## EXERCISE INSTRUCTIONS
Retype every record below exactly as it appears.

## ENTRIES SUPPLIED
---

(* Assume the Setting and consider Algorithm 1 with noisy data $y^\delta$ ($\|y^\delta-y\|\le\delta$, $\delta>0$), where $\tau>1$ and $\mu_0>0$ satisfy $c_0:=1-\frac{1+\eta}{\tau}-\eta-\frac{\mu_0}{4\sigma}>0$. Let $k\ge0$ be an integer such that $\|r_n^\delta\|>\tau\delta$ for all $0\le n<k$. Then $x_n^\delta\in B_{2\rho}(x_0)$ for all $0\le n\le k$, and for every solution $\hat x$ of $F(x)=y$ with $\hat x\in B_{2\rho}(x_0)\cap\mathrm{dom}(\mathcal R)$, setting $\Delta_n^\delta:=D_{\mathcal R}^{\xi_n^\delta}(\hat x,x_n^\delta)$, one has $\Delta_{n+1}^\delta\le\Delta_n^\delta-c_0\alpha_n^\delta\|r_n^\delta\|^2$ for all $0\le n<k$.
   Context: Setting. Let $X,Y$ be real Hilbert spaces. Let $\mathcal R:X\to(-\infty,\infty]$ be proper, lower semicontinuous and strongly convex with constant $\sigma>0$, i.e. $\mathcal R(t\bar x+(1-t)x)+\sigma t(1-t)\|\bar x-x\|^2\le t\mathcal R(\bar x)+(1-t)\mathcal R(x)$ for all $\bar x,x\in\mathrm{dom}(\mathcal R)$ and $t\in[0,1]$. For $\xi\in\partial\mathcal R(x)$ (subdifferential) the Bregman distance is $D_{\mathcal R}^{\xi}(z,x)=\mathcal R(z)-\mathcal R(x)-\langle\xi,z-x\rangle$. The convex conjugate $\mathcal R^*$ is differentiable with $\|\nabla\mathcal R^*(\bar\xi)-\nabla\mathcal R^*(\xi)\|\le\|\bar\xi-\xi\|/(2\sigma)$, and $\nabla\mathcal R^*(\xi)=\arg\min_{x\in X}\{\mathcal R(x)-\langle\xi,x\rangle\}$ (unique minimizer), with $\xi\in\partial\mathcal R(\nabla\mathcal R^*(\xi))$. Let $F:\mathrm{dom}(F)\subset X\to Y$ and $y\in Y$. Assume: (b) there are $\rho>0$, $x_0\in X$, $\xi_0\in\partial\mathcal R(x_0)$ with $B_{2\rho}(x_0):=\{x:\|x-x_0\|\le 2\rho\}\subset\mathrm{dom}(F)$, and $F(x)=y$ has a solution $\bar x$ with $D_{\mathcal R}^{\xi_0}(\bar x,x_0)\le\sigma\rho^2$; (c) $F$ is weakly closed: if $x_n\in\mathrm{dom}(F)$, $x_n\rightharpoonup x$ and $F(x_n)\to v$, then $x\in\mathrm{dom}(F)$ and $F(x)=v$; (d) there are bounded linear operators $L(x):X\to Y$, $x\in B_{2\rho}(x_0)$, with $x\mapsto L(x)$ continuous on $B_{2\rho}(x_0)$, a constant $\eta\in[0,1)$ with $\|F(x)-F(\bar x)-L(\bar x)(x-\bar x)\|\le\eta\|F(x)-F(\bar x)\|$ for all $x,\bar x\in B_{2\rho}(x_0)$, and a constant $L>0$ with $\|L(x)\|\le L$ on $B_{2\rho}(x_0)$. Under these assumptions $F(x)=y$ has a unique solution $x^\dagger\in\mathrm{dom}(F)$ minimizing $D_{\mathcal R}^{\xi_0}(x,x_0)$ over all solutions; it satisfies $\|x^\dagger-x_0\|\le\rho$. Algorithm 1 (noisy data $y^\delta$ with $\|y^\delta-y\|\le\delta$, $\delta>0$). Parameters: $\tau>1$, $\beta\in(0,\infty]$, $\mu_0>0$, $\mu_1>0$, and a fixed choice of one of two step-size rules: (constant) $\alpha_n^\delta=\mu_0/L^2$, or (adaptive) $\alpha_n^\delta=\min\{\mu_0\|r_n^\delta\|^2/\|g_n^\delta\|^2,\mu_1\}$ (with $\mu_0\|r_n^\delta\|^2/\|g_n^\delta\|^2:=+\infty$ if $g_n^\delta=0$). Set $\xi_{-1}^\delta=\xi_0^\delta=\xi_0$, $x_0^\delta=x_0=\nabla\mathcal R^*(\xi_0)$. For $n\ge0$: (i) $r_n^\delta:=F(x_n^\delta)-y^\delta$; if $\|r_n^\delta\|\le\tau\delta$, stop and output $x_n^\delta$ (the stopping index is denoted $n_\delta$). (ii) $g_n^\delta:=L(x_n^\delta)^*r_n^\delta$ and $\alpha_n^\delta$ by the chosen rule. (iii) $m_n^\delta:=\xi_n^\delta-\xi_{n-1}^\delta$; $\tilde\gamma_0^\delta:=0$ and for $n\ge1$, $\tilde\gamma_n^\delta:=\langle m_n^\delta,x_n^\delta-x_{n-1}^\delta\rangle-(1-\eta)\alpha_{n-1}^\delta\|r_{n-1}^\delta\|^2+(1+\eta)\alpha_{n-1}^\delta\delta\|r_{n-1}^\delta\|+\beta_{n-1}^\delta\tilde\gamma_{n-1}^\delta$. (iv) $\beta_n^\delta:=\min\{\max\{0,(\alpha_n^\delta\langle g_n^\delta,m_n^\delta\rangle-2\sigma\tilde\gamma_n^\delta)/\|m_n^\delta\|^2\},\beta\}$ if $m_n^\delta\ne0$, and $\beta_n^\delta:=0$ if $m_n^\delta=0$. (v) $\xi_{n+1}^\delta:=\xi_n^\delta-\alpha_n^\delta g_n^\delta+\beta_n^\delta m_n^\delta$, $x_{n+1}^\delta:=\nabla\mathcal R^*(\xi_{n+1}^\delta)$. *)

theory Defs
  imports "HOL-Analysis.Analysis" "HOL-Library.Liminf_Limsup"
begin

---

## SOLUTION TO THIS TASK
(* Assume the Setting and consider Algorithm 1 with noisy data $y^\delta$ ($\|y^\delta-y\|\le\delta$, $\delta>0$), where $\tau>1$ and $\mu_0>0$ satisfy $c_0:=1-\frac{1+\eta}{\tau}-\eta-\frac{\mu_0}{4\sigma}>0$. Let $k\ge0$ be an integer such that $\|r_n^\delta\|>\tau\delta$ for all $0\le n<k$. Then $x_n^\delta\in B_{2\rho}(x_0)$ for all $0\le n\le k$, and for every solution $\hat x$ of $F(x)=y$ with $\hat x\in B_{2\rho}(x_0)\cap\mathrm{dom}(\mathcal R)$, setting $\Delta_n^\delta:=D_{\mathcal R}^{\xi_n^\delta}(\hat x,x_n^\delta)$, one has $\Delta_{n+1}^\delta\le\Delta_n^\delta-c_0\alpha_n^\delta\|r_n^\delta\|^2$ for all $0\le n<k$.
   Context: Setting. Let $X,Y$ be real Hilbert spaces. Let $\mathcal R:X\to(-\infty,\infty]$ be proper, lower semicontinuous and strongly convex with constant $\sigma>0$, i.e. $\mathcal R(t\bar x+(1-t)x)+\sigma t(1-t)\|\bar x-x\|^2\le t\mathcal R(\bar x)+(1-t)\mathcal R(x)$ for all $\bar x,x\in\mathrm{dom}(\mathcal R)$ and $t\in[0,1]$. For $\xi\in\partial\mathcal R(x)$ (subdifferential) the Bregman distance is $D_{\mathcal R}^{\xi}(z,x)=\mathcal R(z)-\mathcal R(x)-\langle\xi,z-x\rangle$. The convex conjugate $\mathcal R^*$ is differentiable with $\|\nabla\mathcal R^*(\bar\xi)-\nabla\mathcal R^*(\xi)\|\le\|\bar\xi-\xi\|/(2\sigma)$, and $\nabla\mathcal R^*(\xi)=\arg\min_{x\in X}\{\mathcal R(x)-\langle\xi,x\rangle\}$ (unique minimizer), with $\xi\in\partial\mathcal R(\nabla\mathcal R^*(\xi))$. Let $F:\mathrm{dom}(F)\subset X\to Y$ and $y\in Y$. Assume: (b) there are $\rho>0$, $x_0\in X$, $\xi_0\in\partial\mathcal R(x_0)$ with $B_{2\rho}(x_0):=\{x:\|x-x_0\|\le 2\rho\}\subset\mathrm{dom}(F)$, and $F(x)=y$ has a solution $\bar x$ with $D_{\mathcal R}^{\xi_0}(\bar x,x_0)\le\sigma\rho^2$; (c) $F$ is weakly closed: if $x_n\in\mathrm{dom}(F)$, $x_n\rightharpoonup x$ and $F(x_n)\to v$, then $x\in\mathrm{dom}(F)$ and $F(x)=v$; (d) there are bounded linear operators $L(x):X\to Y$, $x\in B_{2\rho}(x_0)$, with $x\mapsto L(x)$ continuous on $B_{2\rho}(x_0)$, a constant $\eta\in[0,1)$ with $\|F(x)-F(\bar x)-L(\bar x)(x-\bar x)\|\le\eta\|F(x)-F(\bar x)\|$ for all $x,\bar x\in B_{2\rho}(x_0)$, and a constant $L>0$ with $\|L(x)\|\le L$ on $B_{2\rho}(x_0)$. Under these assumptions $F(x)=y$ has a unique solution $x^\dagger\in\mathrm{dom}(F)$ minimizing $D_{\mathcal R}^{\xi_0}(x,x_0)$ over all solutions; it satisfies $\|x^\dagger-x_0\|\le\rho$. Algorithm 1 (noisy data $y^\delta$ with $\|y^\delta-y\|\le\delta$, $\delta>0$). Parameters: $\tau>1$, $\beta\in(0,\infty]$, $\mu_0>0$, $\mu_1>0$, and a fixed choice of one of two step-size rules: (constant) $\alpha_n^\delta=\mu_0/L^2$, or (adaptive) $\alpha_n^\delta=\min\{\mu_0\|r_n^\delta\|^2/\|g_n^\delta\|^2,\mu_1\}$ (with $\mu_0\|r_n^\delta\|^2/\|g_n^\delta\|^2:=+\infty$ if $g_n^\delta=0$). Set $\xi_{-1}^\delta=\xi_0^\delta=\xi_0$, $x_0^\delta=x_0=\nabla\mathcal R^*(\xi_0)$. For $n\ge0$: (i) $r_n^\delta:=F(x_n^\delta)-y^\delta$; if $\|r_n^\delta\|\le\tau\delta$, stop and output $x_n^\delta$ (the stopping index is denoted $n_\delta$). (ii) $g_n^\delta:=L(x_n^\delta)^*r_n^\delta$ and $\alpha_n^\delta$ by the chosen rule. (iii) $m_n^\delta:=\xi_n^\delta-\xi_{n-1}^\delta$; $\tilde\gamma_0^\delta:=0$ and for $n\ge1$, $\tilde\gamma_n^\delta:=\langle m_n^\delta,x_n^\delta-x_{n-1}^\delta\rangle-(1-\eta)\alpha_{n-1}^\delta\|r_{n-1}^\delta\|^2+(1+\eta)\alpha_{n-1}^\delta\delta\|r_{n-1}^\delta\|+\beta_{n-1}^\delta\tilde\gamma_{n-1}^\delta$. (iv) $\beta_n^\delta:=\min\{\max\{0,(\alpha_n^\delta\langle g_n^\delta,m_n^\delta\rangle-2\sigma\tilde\gamma_n^\delta)/\|m_n^\delta\|^2\},\beta\}$ if $m_n^\delta\ne0$, and $\beta_n^\delta:=0$ if $m_n^\delta=0$. (v) $\xi_{n+1}^\delta:=\xi_n^\delta-\alpha_n^\delta g_n^\delta+\beta_n^\delta m_n^\delta$, $x_{n+1}^\delta:=\nabla\mathcal R^*(\xi_{n+1}^\delta)$. *)

theory Defs
  imports "HOL-Analysis.Analysis" "HOL-Library.Liminf_Limsup"
begin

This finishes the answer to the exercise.